J'ai un méssage étrange apparu aujourd'hui lorsque je me logue en root. Juste après avoir rentré le password j'obtiens le méssage suivant :
Bad : modifier in $ (/).
Je suis sous X.10.2.4 , je précise également avoir installé hier soir Mysql v 4.0.12 j'ignore si cela à un rapport.


----------



## maousse (9 Avril 2003)

Tu as installé mysql avec quel méthode ? un package ? fink ?


----------



## franckdia (11 Avril 2003)

Oui, mais ensuite j'ai utilisé la commmade remove, et installé plutôt avec un package en suivant les explications sur le site de Marc Liyanage.


----------



## maousse (11 Avril 2003)

Tu peux copier coller ici ce que te répond la commande $PATH dans ton terminal ?


----------



## franckdia (11 Avril 2003)

Last login: Fri Apr 11 08:35:56 on console
Welcome to Darwin!
[m111:~] franckdia% echo $PATH
/sw/bin:/sw/sbin:/bin:/sbin:/usr/bin:/usr/sbin:/usr/X11R6/bin
[m111:~] franckdia% 

Voila, voila


----------



## maousse (12 Avril 2003)

Non, ben en fait,c'est normal de ce côté-là. Je n'ai pas d'autre idée d'où peut venir le problème....


----------



## olof (12 Avril 2003)

Peux-tu nous envoyer ton "fichier de démarrage" (~/.tcshrc ou ~/.bashrc ou ... suivant le shell que tu utilises) ?!?!


----------



## franckdia (13 Avril 2003)

Je ne sais pas si c'est un pico sur ~/.tcshrc que tu veux.
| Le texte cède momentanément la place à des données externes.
(* Let $1\le\nu<\infty$. The asymptotics of the iterates of bounded composition operators $C_\phi f=f\circ\phi$ on $\mathcal{F}^\nu$ are as follows. (1) If $\phi(z)=az$ with $|a|=1$ and $a\neq 1$, then the sequence $(C_\phi^n)_{n\ge1}$ consists of unitary operators, and it does not converge, even weakly. (2) If $\phi(z)=az+b$ with $|a|<1$ and $b\in\mathbb{C}$, then the sequence $(C_\phi^n)_{n\ge 1}$ converges in operator norm to the operator mapping each $f\in\mathcal{F}^\nu$ to the constant function with value $f(b/(1-a))$.
   Context: For $1\le\nu<\infty$, the Fock space $\mathcal{F}^\nu$ is the space of entire functions $f$ with $\|f\|_\nu:=\left(\frac{\nu}{2\pi}\int_{\mathbb{C}}|f(z)|^\nu e^{-\nu|z|^2/2}\,dm(z)\right)^{1/\nu}<\infty$ ($m$ = Lebesgue area measure). For an entire function $\phi$, $C_\phi f=f\circ\phi$. *)

theory Defs
  imports "HOL-Complex_Analysis.Complex_Analysis"
begin

definition fock_integral :: "real \<Rightarrow> (complex \<Rightarrow> complex) \<Rightarrow> ennreal" where
  "fock_integral \<nu> f =
     (\<integral>\<^sup>+ z. ennreal (cmod (f z) powr \<nu> * exp (- \<nu> * (cmod z)\<^sup>2 / 2)) \<partial>lborel)"

definition fock_space :: "real \<Rightarrow> (complex \<Rightarrow> complex) set" where
  "fock_space \<nu> = {f. f holomorphic_on UNIV \<and> fock_integral \<nu> f < \<infinity>}"

(* \<parallel>f\<parallel>_\<nu>  (meaningful for f in the Fock space) *)
definition fock_norm :: "real \<Rightarrow> (complex \<Rightarrow> complex) \<Rightarrow> real" where
  "fock_norm \<nu> f = (\<nu> / (2 * pi) * enn2real (fock_integral \<nu> f)) powr (1 / \<nu>)"

definition fock_bounded_operator :: "real \<Rightarrow> ((complex \<Rightarrow> complex) \<Rightarrow> (complex \<Rightarrow> complex)) \<Rightarrow> bool" where
  "fock_bounded_operator \<nu> T \<longleftrightarrow>
     (\<forall>f\<in>fock_space \<nu>. T f \<in> fock_space \<nu>) \<and>
     (\<forall>f\<in>fock_space \<nu>. \<forall>g\<in>fock_space \<nu>. T (\<lambda>z. f z + g z) = (\<lambda>z. T f z + T g z)) \<and>
     (\<forall>f\<in>fock_space \<nu>. \<forall>c. T (\<lambda>z. c * f z) = (\<lambda>z. c * T f z)) \<and>
     (\<exists>K. \<forall>f\<in>fock_space \<nu>. fock_norm \<nu> (T f) \<le> K * fock_norm \<nu> f)"
text \<open>Since \<open>u = \<phi>(u)\<close>, the word \<open>u\<close> is the concatenation of the blocks \<open>\<phi>(u j)\<close>, and the
  letters 2 and 3 occur only as third letters of blocks.  A factor whose third letter from the left
  is not 2 or 3 has a unique left extension, and symmetrically on the right; so a bispecial factor
  longer than five letters carries a 2 or 3 near both ends, which pins it to the block structure:
  it is \<open>\<phi>(w)\<close> followed by the five letters \<open>p\<^sub>a\<close> that always follow a block \<open>\<phi>(a)\<close>, and its
  occurrences are exactly the images of the occurrences of the shorter bispecial factor \<open>w\<close>.

  For frequencies, every letter weight splits into its mean and eigenvector-like parts whose window
  sums are \<open>O(\<surd>L)\<close>; hence block lengths average to \<open>\<lambda>\<close> uniformly, and a window of \<open>u\<close> of length
  \<open>L\<close> is the image of a window of about \<open>L/\<lambda>\<close> letters.  Counting occurrences of \<open>\<phi>(w)p\<^sub>a\<close> in the
  former is counting occurrences of \<open>w\<close> in the latter, which divides the frequency by \<open>\<lambda>\<close>;
  induction down to the six bispecial factors of length at most five gives existence.\<close>

section \<open>The fixed point as a concatenation of blocks\<close>

declare phi.simps[simp del]

lemma phi_simps[simp]:
  "phi 0 = [0,1,3,0]" "phi 1 = [1,0,2,1]" "phi (Suc 0) = [1,0,2,1]"
  "phi 2 = [1,0,2]" "phi 3 = [0,1,3]"
  by (simp_all add: phi.simps)

abbreviation phi_len :: "nat \<Rightarrow> nat" where
  "phi_len c \<equiv> length (phi c)"

lemma phi_len_bounds: "3 \<le> phi_len c" "phi_len c \<le> 4"
  by (auto simp: phi.simps)

lemma phi_neq_Nil[simp]: "phi c \<noteq> []"
  using phi_len_bounds(1)[of c] by auto

lemma le_3_cases: "(c::nat) \<le> 3 \<Longrightarrow> c = 0 \<or> c = 1 \<or> c = 2 \<or> c = 3"
  by arith

lemma last_phi: "c \<le> 3 \<Longrightarrow> last (phi c) = c"
  using le_3_cases[of c] by auto

lemma phiw_Nil[simp]: "phiw [] = []"
  and phiw_Cons[simp]: "phiw (a # x) = phi a @ phiw x"
  and phiw_append[simp]: "phiw (x @ y) = phiw x @ phiw y"
  by (simp_all add: phiw_def)

lemma length_phiw_ge: "3 * length x \<le> length (phiw x)"
proof (induction x)
  case (Cons a x) then show ?case using phi_len_bounds(1)[of a] by simp
qed simp

lemma length_phiw_le: "length (phiw x) \<le> 4 * length x"
proof (induction x)
  case (Cons a x) then show ?case using phi_len_bounds(2)[of a] by simp
qed simp

lemma set_phiw: "set (phiw x) \<subseteq> {0,1,2,3}"
  by (induction x) (auto simp: phi.simps)

lemma phiw_inj:
  assumes "\<forall>c\<in>set x. c \<le> 3" "\<forall>c\<in>set y. c \<le> 3" "phiw x = phiw y"
  shows "x = y"
  using assms
proof (induction x arbitrary: y rule: rev_induct)
  case Nil then show ?case by (cases y rule: rev_cases) auto
next
  case (snoc a x)
  obtain y' b where y: "y = y' @ [b]"
    using snoc.prems(3) by (cases y rule: rev_cases) auto
  have e: "phiw x @ phi a = phiw y' @ phi b" using snoc.prems(3) y by simp
  have ab: "a = b" using arg_cong[OF e, of last] snoc.prems(1,2) y by (simp add: last_phi)
  have "x = y'" using snoc.prems(1,2) y e ab by (intro snoc.IH) auto
  then show ?case using ab y by simp
qed

definition phi_iter :: "nat \<Rightarrow> nat list" where
  "phi_iter k = (phiw ^^ k) [0]"

lemma phi_iter_Suc: "phi_iter (Suc k) = phiw (phi_iter k)"
  by (simp add: phi_iter_def)

lemma phi_iter_prefix_Suc: "\<exists>z. phi_iter (Suc k) = phi_iter k @ z"
proof (induction k)
  case 0 show ?case by (simp add: phi_iter_def)
next
  case (Suc k)
  then obtain z where "phi_iter (Suc k) = phi_iter k @ z" by blast
  then have "phi_iter (Suc (Suc k)) = phi_iter (Suc k) @ phiw z"
    by (simp add: phi_iter_Suc[of "Suc k"] phi_iter_Suc[of k])
  then show ?case by blast
qed

lemma phi_iter_prefix: "k \<le> m \<Longrightarrow> \<exists>z. phi_iter m = phi_iter k @ z"
proof (induction m rule: dec_induct)
  case (step m)
  then show ?case using phi_iter_prefix_Suc[of m] by fastforce
qed simp

lemma length_phi_iter: "Suc k \<le> length (phi_iter k)"
proof (induction k)
  case 0 show ?case by (simp add: phi_iter_def)
next
  case (Suc k) then show ?case using length_phiw_ge[of "phi_iter k"] by (simp add: phi_iter_Suc)
qed

lemma u_phi_iter: "n < length (phi_iter k) \<Longrightarrow> u n = phi_iter k ! n"
proof -
  assume n: "n < length (phi_iter k)"
  let ?M = "max k (Suc n)"
  obtain z where z: "phi_iter ?M = phi_iter k @ z" using phi_iter_prefix[of k ?M] by auto
  obtain z' where z': "phi_iter ?M = phi_iter (Suc n) @ z'" using phi_iter_prefix[of "Suc n" ?M] by auto
  have "u n = phi_iter (Suc n) ! n" by (simp add: u_def phi_iter_def)
  also have "\<dots> = phi_iter ?M ! n" using z' length_phi_iter[of "Suc n"] by (simp add: nth_append)
  also have "\<dots> = phi_iter k ! n" using z n by (simp add: nth_append)
  finally show ?thesis .
qed

lemma u_le_3: "u n \<le> 3"
proof -
  have "u n = phiw (phi_iter n) ! n" by (simp add: u_def phi_iter_def)
  moreover have "n < length (phiw (phi_iter n))" using length_phi_iter[of "Suc n"] by (simp add: phi_iter_Suc)
  ultimately show ?thesis using set_phiw[of "phi_iter n"] nth_mem by fastforce
qed

lemma u_cases: "u k = 0 \<or> u k = 1 \<or> u k = 2 \<or> u k = 3"
  using u_le_3[of k] by auto

text \<open>\<open>block_pos j\<close> is the position in \<open>u\<close> where the block \<open>\<phi>(u j)\<close> starts.\<close>

definition block_pos :: "nat \<Rightarrow> nat" where
  "block_pos j = length (phiw (map u [0..<j]))"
Si c'est le cas voila la réponse: setenv PATH $PATH:/usr/local/mysql/bin
Autrement je n'ai pas compris la question.


----------



## olof (14 Avril 2003)

En effet, c'était bien ça.

Je ne connais pas le shell tcsh, mais on dirait que si tu modifies ton fichier ~/.tcshrc en remplaçant la ligne actuelle par celle-ci :

setenv PATH /usr/local/mysql/bin:$PATH

Tu ne devrais plus avoir cette erreur.

Si quelqu'un peut expliquer pourquoi


----------



## franckdia (14 Avril 2003)

Il est tard je vais éssayer cela demain, je vous tiendrais au courant merci pour tout.


----------



## plumber (1 Mai 2003)

c'est le .cshrc du root qu'il faut modifier les enfants
en fait quand tu te logs en root il trouve pas son home c'est tout


----------